Royalty Determination Services

Beginning with the deregulation or “unbundling” of the natural gas pipeline industry in the 1980s, the valuation of natural gas and NGL for royalty purposes has become a contentious issue between producers and royalty interest owners.

This trend began with affiliate transactions that became necessary as traditional sales to pipelines ended, and the trend accelerated with the growth of an independent midstream market for transportation, processing, and marketing services.

Watson Millican & Co. consultants have provided expert testimony on natural gas market value and net proceeds.
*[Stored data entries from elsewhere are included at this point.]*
(* Let $f:[-1,1]\to\mathbb{R}$ and $\epsilon_0>0$, and let $P:[-1,1]\to\mathbb{C}$ be a polynomial with $\max_{x\in[-1,1]}|f(x)-P(x)|\le\epsilon_0$. Let $\gamma:=\max_{x\in[-1,1]}|f(x)|$ and assume $\epsilon_0\le\gamma$. Let $\ket{\psi}=\sum_{j=1}^N\psi_j\ket{j}$ with $\psi_j\in\mathbb{R}$ and $\|\ket{\psi}\|_2=1$, and define $\mathcal{N}^2:=\sum_{j=1}^N|f(\psi_j)|^2>0$ and $\mathcal{N}_1^2:=\sum_{j=1}^N|P(\psi_j)|^2$. Then (i) $\max_{x\in[-1,1]}|P(x)|\le 2\gamma$; (ii) $|\mathcal{N}-\mathcal{N}_1|\le 3\gamma\epsilon_0N/\mathcal{N}$; (iii) if moreover $\epsilon_0\le\frac{\mathcal{N}^2}{6\gamma N}$, then $\mathcal{N}_1\ge\frac12\mathcal{N}$. *)

theory Defs
  imports "HOL-Analysis.Analysis" "HOL-Computational_Algebra.Polynomial"
begin

end

theory Submission
  imports Defs
begin

text \<open>Since \<open>f\<close> is within \<open>\<epsilon>0\<close> of the continuous \<open>P\<close> on the compact \<open>[-1,1]\<close>, it is bounded,
  so \<open>\<bar>f\<bar> \<le> \<gamma>\<close> there and hence \<open>\<bar>P\<bar> \<le> \<gamma> + \<epsilon>0 \<le> 2\<gamma>\<close>. All \<open>\<psi>\<^sub>j\<close> lie in \<open>[-1,1]\<close> because the
  vector is normalised, so \<open>\<bar>f(\<psi>\<^sub>j)\<^sup>2 - \<bar>P(\<psi>\<^sub>j)\<bar>\<^sup>2\<bar> \<le> \<epsilon>0 (\<gamma> + 2\<gamma>)\<close>. Summing gives
  \<open>\<bar>\<N>\<^sup>2 - \<N>\<^sub>1\<^sup>2\<bar> \<le> 3\<gamma>\<epsilon>0 N\<close>, and dividing by \<open>\<N> + \<N>\<^sub>1 \<ge> \<N>\<close> gives (ii);
  (iii) is (ii) with the right-hand side bounded by \<open>\<N>/2\<close>.\<close>

lemma norm_le_SUP_if_near_continuous:
  fixes f g :: "'a::topological_space \<Rightarrow> 'b::real_normed_vector"
  assumes "compact S" "continuous_on S g" "\<forall>x\<in>S. norm (f x - g x) \<le> e" "x \<in> S"
  shows "norm (f x) \<le> (SUP y\<in>S. norm (f y))"
proof -
  obtain B where B: "\<forall>y\<in>S. norm (g y) \<le> B"
    using compact_imp_bounded[OF compact_continuous_image[OF assms(2,1)]]
    by (auto simp: bounded_iff)
  have "norm (f y) \<le> B + e" if "y \<in> S" for y
    using norm_triangle_ineq2[of "f y" "g y"] B assms(3) that by fastforce
  then have "bdd_above ((\<lambda>y. norm (f y)) ` S)"
    by (intro bdd_aboveI2) auto
  then show ?thesis
    using assms(4) by (rule cSUP_upper2) simp
qed

lemma abs_le_one_if_sum_squares_eq_one:
  fixes \<psi> :: "'a \<Rightarrow> real"
  assumes "finite A" "j \<in> A" "(\<Sum>i\<in>A. (\<psi> i)\<^sup>2) = 1"
  shows "\<bar>\<psi> j\<bar> \<le> 1"
proof -
  have "(\<psi> j)\<^sup>2 \<le> (\<Sum>i\<in>A. (\<psi> i)\<^sup>2)"
    by (rule member_le_sum) (use assms in auto)
  then show ?thesis
    using assms(3) by (simp add: abs_square_le_1)
qed

lemma abs_diff_squares_le:
  fixes a b :: real
  assumes "0 \<le> a" "0 \<le> b" "\<bar>a - b\<bar> \<le> e" "a \<le> A" "b \<le> B"
  shows "\<bar>a\<^sup>2 - b\<^sup>2\<bar> \<le> e * (A + B)"
proof -
  have "a\<^sup>2 - b\<^sup>2 = (a - b) * (a + b)"
    by (simp add: power2_eq_square algebra_simps)
  then have "\<bar>a\<^sup>2 - b\<^sup>2\<bar> = \<bar>a - b\<bar> * (a + b)"
    using assms(1,2) by (simp add: abs_mult)
  also have "\<dots> \<le> e * (A + B)"
    using assms by (intro mult_mono) auto
  finally show ?thesis .
qed

lemma abs_sum_diff_le_card_mult:
  fixes u v :: "'a \<Rightarrow> real"
  assumes "\<forall>j\<in>A. \<bar>u j - v j\<bar> \<le> c"
  shows "\<bar>sum u A - sum v A\<bar> \<le> real (card A) * c"
proof -
  have "\<bar>sum u A - sum v A\<bar> \<le> (\<Sum>j\<in>A. \<bar>u j - v j\<bar>)"
    by (simp add: sum_abs flip: sum_subtractf)
  also have "\<dots> \<le> real (card A) * c"
    using assms by (intro sum_bounded_above) auto
  finally show ?thesis .
qed

lemma abs_sum_squares_diff_le:
  fixes u v :: "'a \<Rightarrow> real"
  assumes "\<forall>j\<in>A. 0 \<le> u j \<and> 0 \<le> v j \<and> \<bar>u j - v j\<bar> \<le> e \<and> u j \<le> a \<and> v j \<le> b"
  shows "\<bar>(\<Sum>j\<in>A. (u j)\<^sup>2) - (\<Sum>j\<in>A. (v j)\<^sup>2)\<bar> \<le> real (card A) * (e * (a + b))"
  using assms by (intro abs_sum_diff_le_card_mult ballI abs_diff_squares_le) auto

lemma abs_diff_le_abs_diff_squares_div:
  fixes a b :: real
  assumes "0 < a" "0 \<le> b"
  shows "\<bar>a - b\<bar> \<le> \<bar>a\<^sup>2 - b\<^sup>2\<bar> / a"
proof -
  have "\<bar>a - b\<bar> * a \<le> \<bar>a - b\<bar> * (a + b)"
    using assms by (intro mult_left_mono) auto
  also have "\<dots> = \<bar>(a - b) * (a + b)\<bar>"
    using assms by (simp add: abs_mult)
  also have "\<dots> = \<bar>a\<^sup>2 - b\<^sup>2\<bar>"
    by (simp add: power2_eq_square algebra_simps)
  finally show ?thesis
    using assms(1) by (simp add: pos_le_divide_eq)
qed

lemma half_le_if_abs_diff_le_div:
  fixes a b c :: real
  assumes "0 < a" "\<bar>a - b\<bar> \<le> c / a" "2 * c \<le> a\<^sup>2"
  shows "a / 2 \<le> b"
proof -
  have "c / a \<le> a / 2"
    using assms(1,3) by (simp add: pos_divide_le_eq power2_eq_square)
  then show ?thesis
    using assms(2) by linarith
qed

theorem lemma12:
  fixes f :: "real \<Rightarrow> real" and \<epsilon>0 \<gamma> :: real and P :: "complex poly"
    and N :: nat and \<psi> :: "nat \<Rightarrow> real" and NN NN1 :: real
  assumes eps_pos: "\<epsilon>0 > 0"
    and approx: "\<forall>x\<in>{-1..1}. cmod (complex_of_real (f x) - poly P (complex_of_real x)) \<le> \<epsilon>0"
    and gamma_def: "\<gamma> = (SUP x\<in>{-1..1::real}. \<bar>f x\<bar>)"
    and eps_le: "\<epsilon>0 \<le> \<gamma>"
    and psi_norm: "(\<Sum>j=1..N. (\<psi> j)\<^sup>2) = 1"
    and NN_def: "NN = sqrt (\<Sum>j=1..N. \<bar>f (\<psi> j)\<bar>\<^sup>2)"
    and NN_pos: "NN\<^sup>2 > 0"
    and NN1_def: "NN1 = sqrt (\<Sum>j=1..N. (cmod (poly P (complex_of_real (\<psi> j))))\<^sup>2)"
  shows "(\<forall>x\<in>{-1..1}. cmod (poly P (complex_of_real x)) \<le> 2 * \<gamma>)
     \<and> \<bar>NN - NN1\<bar> \<le> 3 * \<gamma> * \<epsilon>0 * real N / NN
     \<and> (\<epsilon>0 \<le> NN\<^sup>2 / (6 * \<gamma> * real N) \<longrightarrow> NN1 \<ge> NN / 2)"
proof -
  define p where "p x = cmod (poly P (complex_of_real x))" for x
  have close: "\<bar>\<bar>f x\<bar> - p x\<bar> \<le> \<epsilon>0" if "x \<in> {-1..1}" for x
    using norm_triangle_ineq3 approx that unfolding p_def by (metis norm_of_real order_trans)
  have "continuous_on {-1..1} (\<lambda>x. poly P (complex_of_real x))"
    by (intro continuous_intros)
  then have f_le: "\<bar>f x\<bar> \<le> \<gamma>" if "x \<in> {-1..1}" for x
    using norm_le_SUP_if_near_continuous[of "{-1..1}" _ "\<lambda>x. complex_of_real (f x)"] approx that
    unfolding gamma_def by auto
  have p_le: "p x \<le> 2 * \<gamma>" if "x \<in> {-1..1}" for x
    using close[OF that] f_le[OF that] eps_le by linarith
  have "\<forall>j\<in>{1..N}. \<psi> j \<in> {-1..1}"
    using abs_le_one_if_sum_squares_eq_one[OF _ _ psi_norm] by (auto simp: abs_le_iff)
  then have "\<bar>(\<Sum>j=1..N. \<bar>f (\<psi> j)\<bar>\<^sup>2) - (\<Sum>j=1..N. (p (\<psi> j))\<^sup>2)\<bar>
      \<le> real (card {1..N}) * (\<epsilon>0 * (\<gamma> + 2 * \<gamma>))"
    using close f_le p_le by (intro abs_sum_squares_diff_le) (auto simp: p_def)
  then have sums: "\<bar>NN\<^sup>2 - NN1\<^sup>2\<bar> \<le> 3 * \<gamma> * \<epsilon>0 * real N"
    unfolding NN_def NN1_def p_def by (simp add: sum_nonneg algebra_simps)
  have "NN \<ge> 0" "NN1 \<ge> 0"
    unfolding NN_def NN1_def by (simp_all add: sum_nonneg)
  then have "NN > 0"
    using NN_pos by (simp add: less_le)
  have "\<bar>NN - NN1\<bar> \<le> \<bar>NN\<^sup>2 - NN1\<^sup>2\<bar> / NN"
    using \<open>NN > 0\<close> \<open>NN1 \<ge> 0\<close> by (rule abs_diff_le_abs_diff_squares_div)
  also have "\<dots> \<le> 3 * \<gamma> * \<epsilon>0 * real N / NN"
    using sums \<open>NN > 0\<close> by (simp add: divide_right_mono)
  finally have ii: "\<bar>NN - NN1\<bar> \<le> 3 * \<gamma> * \<epsilon>0 * real N / NN" .
  have "NN1 \<ge> NN / 2" if "\<epsilon>0 \<le> NN\<^sup>2 / (6 * \<gamma> * real N)"
  proof -
    have "N \<noteq> 0"
      using that eps_pos by (cases "N = 0") auto
    moreover have "\<gamma> > 0"
      using eps_pos eps_le by linarith
    ultimately have "2 * (3 * \<gamma> * \<epsilon>0 * real N) \<le> NN\<^sup>2"
      using that by (simp add: pos_le_divide_eq mult_ac)
    then show ?thesis
      using half_le_if_abs_diff_le_div \<open>NN > 0\<close> ii by blast
  qed
  then show ?thesis
    using p_le ii unfolding p_def by blast
qed

end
We have also testified on the reasonableness of post-production costs and processing cost allowances, and the fairness of percent-of-proceeds agreements.

Natural Gas and NGLs

Transportation and Processing Unbundling

Unbundled the transportation and processing costs incurred by exploration and production companies for their natural gas production in the Permian Basin, Williston Basin, and Uinta Basin.  Estimated capital costs and operating expenses for each function performed by the midstream services provider, including pipeline transportation, inlet separation, compression, treating, and NGL extraction.  Evaluated the operating conditions of each function and assessed their effect on the marketable condition of the natural gas as it pertains to determining allowable deductions from royalty payments.  Estimated system fuel usage and hydrocarbon losses from condensate.

Royalty Class Action Cases

Assisted in development of expert reports on behalf of gas producers in Oklahoma, New Mexico, and Arkansas in multiple royalty owner class action certification trials. Assessed differences and variability in production conditions, required midstream services (including gathering, compression, dehydration, treating, and processing), and product disposition to assist court in determining suitability for class certification

Midstream, Terminals, Distribution

Processing Unbundling

Unbundled the processing costs incurred by an exploration and production company for its offshore natural gas production in the Gulf of Mexico.  Evaluated the operating conditions of each function performed at the NGL extraction facility.  Estimated capital costs and operating expenses for each function and determined the percentage of the costs that are deductible from federal royalty payments.